Learning how to recognize this discomfort as fleeting “keeps you from going into full-blown panic mode,” John said, adding that this tendency to fill the void with overthinking is part of why so many addicts suffer from low self-worth, and feel they don’t deserve to find happiness.
Levine’s work has helped John come to the conclusion that “the fact that you exist gives you the right to be happy,” and that one way to move toward happiness is simply “to learn how to be a good person.”
Like Mike, he bristled at some of the religious overtones of traditional 12-step programs. And he’s no stranger to those, either: When John was growing up, his father was in recovery and would bring John along to his meetings.
“I remember sitting there as a kid and just thinking, ‘Oh my God, this is so boring,’ ” he said. “Maybe that’s why I didn’t get that much out of it later.”
Noting that most of the AA programs he’s been to tend to be attended by older folks, Refuge Recovery has a “more universal appeal” because it’s explicitly non-authoritative and non-theistic, and because, as John put it, “someone has to say it: It’s more hip.”
It may be hip, but Levine was not the first American to suggest that Buddhist practices could help people dealing with addiction.

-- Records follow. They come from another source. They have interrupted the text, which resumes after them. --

text \<open>A rule instance applicable to branch B: the list of alternatives, each a list of
  conclusions appended to the branch (one alternative = non-branching rule).\<close>
inductive basic_rule :: "pf list \<Rightarrow> pf list list \<Rightarrow> bool" where
  andR: "PF i (And a b) \<in> set B \<Longrightarrow> basic_rule B [[PF i a, PF i b]]"
| nandR: "PF i (Neg (And a b)) \<in> set B \<Longrightarrow> basic_rule B [[PF i (Neg a)], [PF i (Neg b)]]"
| orR: "PF i (Or a b) \<in> set B \<Longrightarrow> basic_rule B [[PF i a], [PF i b]]"
| norR: "PF i (Neg (Or a b)) \<in> set B \<Longrightarrow> basic_rule B [[PF i (Neg a), PF i (Neg b)]]"
| impR: "PF i (Imp a b) \<in> set B \<Longrightarrow> basic_rule B [[PF i (Neg a)], [PF i b]]"
| nimpR: "PF i (Neg (Imp a b)) \<in> set B \<Longrightarrow> basic_rule B [[PF i a, PF i (Neg b)]]"
| nnegR: "PF i (Neg (Neg a)) \<in> set B \<Longrightarrow> basic_rule B [[PF i a]]"
| boxR: "PF i (Box a b) \<in> set B \<Longrightarrow> Rel i a j \<in> set B \<Longrightarrow> basic_rule B [[PF j b]]"
| nboxR: "PF i (Neg (Box a b)) \<in> set B \<Longrightarrow> 0 < j \<Longrightarrow> j \<notin> idx B \<Longrightarrow>
           basic_rule B [[Rel i a j, PF j (Neg b)]]"
| diaR: "PF i (Dia a b) \<in> set B \<Longrightarrow> 0 < j \<Longrightarrow> j \<notin> idx B \<Longrightarrow>
           basic_rule B [[Rel i a j, PF j b]]"
| ndiaR: "PF i (Neg (Dia a b)) \<in> set B \<Longrightarrow> Rel i a j \<in> set B \<Longrightarrow> basic_rule B [[PF j (Neg b)]]"

inductive cut_rule :: "pf list \<Rightarrow> pf list list \<Rightarrow> bool" where
  "i \<in> idx B \<Longrightarrow> cut_rule B [[PF i f], [PF i (Neg f)]]"

inductive ea_rule :: "pf list \<Rightarrow> pf list list \<Rightarrow> bool" where
  "Rel i a j \<in> set B \<Longrightarrow> 0 < k \<Longrightarrow> k \<notin> idx B \<Longrightarrow>
     ea_rule B [[PF k (Neg a), PF k b], [PF k a, PF k (Neg b)], [Rel i b j]]"

definition Ck_cut :: "pf list \<Rightarrow> pf list list \<Rightarrow> bool" where
  "Ck_cut B alts \<longleftrightarrow> basic_rule B alts \<or> cut_rule B alts"

definition CK :: "pf list \<Rightarrow> pf list list \<Rightarrow> bool" where
  "CK B alts \<longleftrightarrow> basic_rule B alts \<or> cut_rule B alts \<or> ea_rule B alts"

text \<open>closes R Gamma phi B: the branch B (listed bottom-up) can be extended to a finite
  closed subtree using the rules R and the assumptions for (Gamma, phi).
  A closed R-tableau for (Gamma, phi) exists iff the empty branch closes.\<close>
inductive closes :: "(pf list \<Rightarrow> pf list list \<Rightarrow> bool) \<Rightarrow> fm set \<Rightarrow> fm \<Rightarrow> pf list \<Rightarrow> bool"
  for R \<Gamma> \<phi> where
  closed: "branch_closed B \<Longrightarrow> closes R \<Gamma> \<phi> B"
| assm_prem: "\<psi> \<in> \<Gamma> \<Longrightarrow> closes R \<Gamma> \<phi> (PF 1 \<psi> # B) \<Longrightarrow> closes R \<Gamma> \<phi> B"
| assm_neg: "closes R \<Gamma> \<phi> (PF 1 (Neg \<phi>) # B) \<Longrightarrow> closes R \<Gamma> \<phi> B"
| step: "R B alts \<Longrightarrow> (\<forall>a\<in>set alts. closes R \<Gamma> \<phi> (rev a @ B)) \<Longrightarrow> closes R \<Gamma> \<phi> B"

definition tab_derivable :: "(pf list \<Rightarrow> pf list list \<Rightarrow> bool) \<Rightarrow> fm set \<Rightarrow> fm \<Rightarrow> bool" where
  "tab_derivable R \<Gamma> \<phi> \<longleftrightarrow> closes R \<Gamma> \<phi> []"

end

theory Submission
  imports Defs
begin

The notion reaches back to the 1970s and ’80s, when the MIT-trained scientist Jon Kabat-Zinn created the Mindfulness-Based Stress Reduction program, which was pretty much what it sounds like. Though he’d studied meditation with some well-known monks, including the Buddhist leader and activist Thich Nhat Hanh, Kabat-Zinn’s program removed mindfulness from its historical and cultural roots.
Instead, he began studying it from a purely clinical perspective. An offshoot of that program, called mindfulness-based relapse prevention or MBRP, sprouted up at the University of Washington soon thereafter. MBRP is now an established research niche.

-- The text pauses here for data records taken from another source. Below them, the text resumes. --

lemma unicast_code_to_esup_code:
  assumes up: "unicast_problem N n W K" and m: "m \<ge> 1" and r: "r \<ge> 0"
    and code: "valid_index_code A N n W K m l E R D"
    and loc: "locality_le n W m R r"
  obtains R' D' where "valid_index_code A N N esup_W (esup_K n W K) m l E R' D'"
    "locality_le N esup_W m R' (r * real (Max ((\<lambda>i. card (W i)) ` {..<n})))"
proof
  define R' where "R' = (\<lambda>j. R (demander n W j))"
  define D' where "D' = (\<lambda>j. D (demander n W j))"
  note demands = demander_demands[OF up]
  show "valid_index_code A N N esup_W (esup_K n W K) m l E R' D'"
    using code demands unfolding valid_index_code_def esup_W_def esup_K_eq_demander R'_def D'_def
    by auto
  have "real (card (R' j)) \<le> r * real m * real (Max ((\<lambda>i. card (W i)) ` {..<n}))"
    if j: "j < N" for j
  proof -
    let ?i = "demander n W j"
    have "real (card (R' j)) \<le> r * real m * real (card (W ?i))"
      using loc m demands(1)[OF j] unicast_problem_demands_finite_nonempty[OF up]
      unfolding R'_def by (subst (asm) locality_le_iff_card_le) auto
    also have "\<dots> \<le> r * real m * real (Max ((\<lambda>i. card (W i)) ` {..<n}))"
      using r demands(1)[OF j] by (intro mult_left_mono) auto
    finally show ?thesis .
  qed
  then show "locality_le N esup_W m R' (r * real (Max ((\<lambda>i. card (W i)) ` {..<n})))"
    using m by (subst locality_le_iff_card_le) (auto simp: esup_W_def mult_ac)
qed

lemma esup_rates_subset_rates:
  assumes "unicast_problem N n W K"
  shows "achievable_rates A N N esup_W (esup_K n W K) r \<subseteq> achievable_rates A N n W K r"
proof
  fix \<rho> assume "\<rho> \<in> achievable_rates A N N esup_W (esup_K n W K) r"
  then obtain m l E R D where "\<rho> = real l / real m" "m \<ge> 1"
    "valid_index_code A N N esup_W (esup_K n W K) m l E R D" "locality_le N esup_W m R r"
    unfolding achievable_rates_def by blast
  moreover obtain R' D' where "valid_index_code A N n W K m l E R' D'" "locality_le n W m R' r"
    using esup_code_to_unicast_code[OF assms calculation(2-4)] .
  ultimately show "\<rho> \<in> achievable_rates A N n W K r"
    unfolding achievable_rates_def by blast
qed

lemma rates_subset_esup_rates:
  assumes "unicast_problem N n W K" and "r \<ge> 0"
  shows "achievable_rates A N n W K r \<subseteq>
           achievable_rates A N N esup_W (esup_K n W K) (r * real (Max ((\<lambda>i. card (W i)) ` {..<n})))"
proof
  fix \<rho> assume "\<rho> \<in> achievable_rates A N n W K r"
  then obtain m l E R D where "\<rho> = real l / real m" "m \<ge> 1"
    "valid_index_code A N n W K m l E R D" "locality_le n W m R r"
    unfolding achievable_rates_def by blast
  moreover obtain R' D' where "valid_index_code A N N esup_W (esup_K n W K) m l E R' D'"
    "locality_le N esup_W m R' (r * real (Max ((\<lambda>i. card (W i)) ` {..<n})))"
    using unicast_code_to_esup_code[OF assms(1) calculation(2) assms(2) calculation(3-4)] .
  ultimately show "\<rho> \<in> achievable_rates A N N esup_W (esup_K n W K)
                    (r * real (Max ((\<lambda>i. card (W i)) ` {..<n})))"
    unfolding achievable_rates_def by blast
qed

theorem theorem2:
  fixes A :: "'a set" and N n :: nat and W K :: "nat \<Rightarrow> nat set"
  assumes "finite A" and "A \<noteq> {}"
    and "unicast_problem N n W K"
  shows "beta_star A N N esup_W (esup_K n W K) (real (Max ((\<lambda>i. card (W i)) ` {..<n})))
           \<le> beta_star A N n W K 1
       \<and> beta_star A N n W K 1 \<le> beta_star A N N esup_W (esup_K n W K) 1"
proof
  have esup_rates_nonempty: "achievable_rates A N N esup_W (esup_K n W K) 1 \<noteq> {}"
    using uncoded_rate_achievable[OF esup_unicast_problem[OF assms(3)]] by blast
  then have "achievable_rates A N n W K 1 \<noteq> {}"
    using esup_rates_subset_rates[OF assms(3)] by blast
  then show "beta_star A N N esup_W (esup_K n W K) (real (Max ((\<lambda>i. card (W i)) ` {..<n})))
               \<le> beta_star A N n W K 1"
    using rates_subset_esup_rates[OF assms(3), of 1]
    by (intro beta_star_le_of_achievable_rates_subset) simp_all
  show "beta_star A N n W K 1 \<le> beta_star A N N esup_W (esup_K n W K) 1"
    using esup_rates_subset_rates[OF assms(3)] esup_rates_nonempty
    by (rule beta_star_le_of_achievable_rates_subset)
qed

end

A phone interview with Hedy Kober, who runs the Clinical and Affective Neuroscience Lab at Yale and conducts research on meditation and substance use disorders, helped shed some light on how and why these Buddhist-based practices can help people like John, Mark and Lowndes.
In part, it’s because of the way meditation acts on areas of brain involved with one of the most common reasons for relapse: stress and craving.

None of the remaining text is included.